世界史好きなら,何をさておいてもプレイするべし

 要するに,これは歴史マニアである作り手が,歴史マニア(と歴史マニア予備軍)であるゲーマーのために作ったゲーム,いや,ゲーム風味の歴史シミュレータなのだ。インタフェースだのグラフィックスだのは,ごく瑣末なことにすぎない。最初のとっつきにくささえ乗り越えることができれば,世界史に興味を持つプレイヤーなら必ず気に入ると断言できる。自分のお気に入りの国で,世界史に嵐を巻き起こしてみたいと思うのは,筆者だけではないはずだ。
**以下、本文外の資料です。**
definition length_space :: "'a::metric_space set \<Rightarrow> bool" where
  "length_space S \<longleftrightarrow>
     (\<forall>x\<in>S. \<forall>y\<in>S. ereal (dist x y) =
        (INF g \<in> {g. path g \<and> path_image g \<subseteq> S \<and> pathstart g = x \<and> pathfinish g = y}.
           curve_length g))"

definition semilocally_simply_connected :: "'a::topological_space set \<Rightarrow> bool" where
  "semilocally_simply_connected S \<longleftrightarrow>
     (\<forall>y\<in>S. \<exists>U. openin (top_of_set S) U \<and> y \<in> U \<and>
        (\<forall>g. path g \<and> pathfinish g = pathstart g \<and> path_image g \<subseteq> U
             \<longrightarrow> homotopic_loops S g (\<lambda>t. pathstart g)))"

definition r_of :: "'a::metric_space set \<Rightarrow> ereal" where
  "r_of S = Sup {ereal r | r. r > 0 \<and>
      (\<forall>x\<in>S. \<forall>g. path g \<and> pathfinish g = pathstart g \<and> path_image g \<subseteq> {z\<in>S. dist x z < r}
          \<longrightarrow> homotopic_loops S g (\<lambda>t. pathstart g))}"

definition hausdorff_dist_wrt :: "('c \<Rightarrow> 'c \<Rightarrow> real) \<Rightarrow> 'c set \<Rightarrow> 'c set \<Rightarrow> real" where
  "hausdorff_dist_wrt d A B =
     max (SUP x\<in>A. INF y\<in>B. d x y) (SUP y\<in>B. INF x\<in>A. d x y)"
 最初に覚えなくちゃいけないことは多いが,一旦操作の全体像をつかんでしまえば,プレイはかなり楽になる。ゲームスピードの設定や,自分の目指す国政の方向性にもよるが,お茶を飲んだりテレビを観たりしながら,のんびりと遊ぶことだって可能だ。リアルタイムストラテジーということで,「あわただしいゲームはちょっと……」と敬遠している非アクションゲーマーの人にもお勧めしたい。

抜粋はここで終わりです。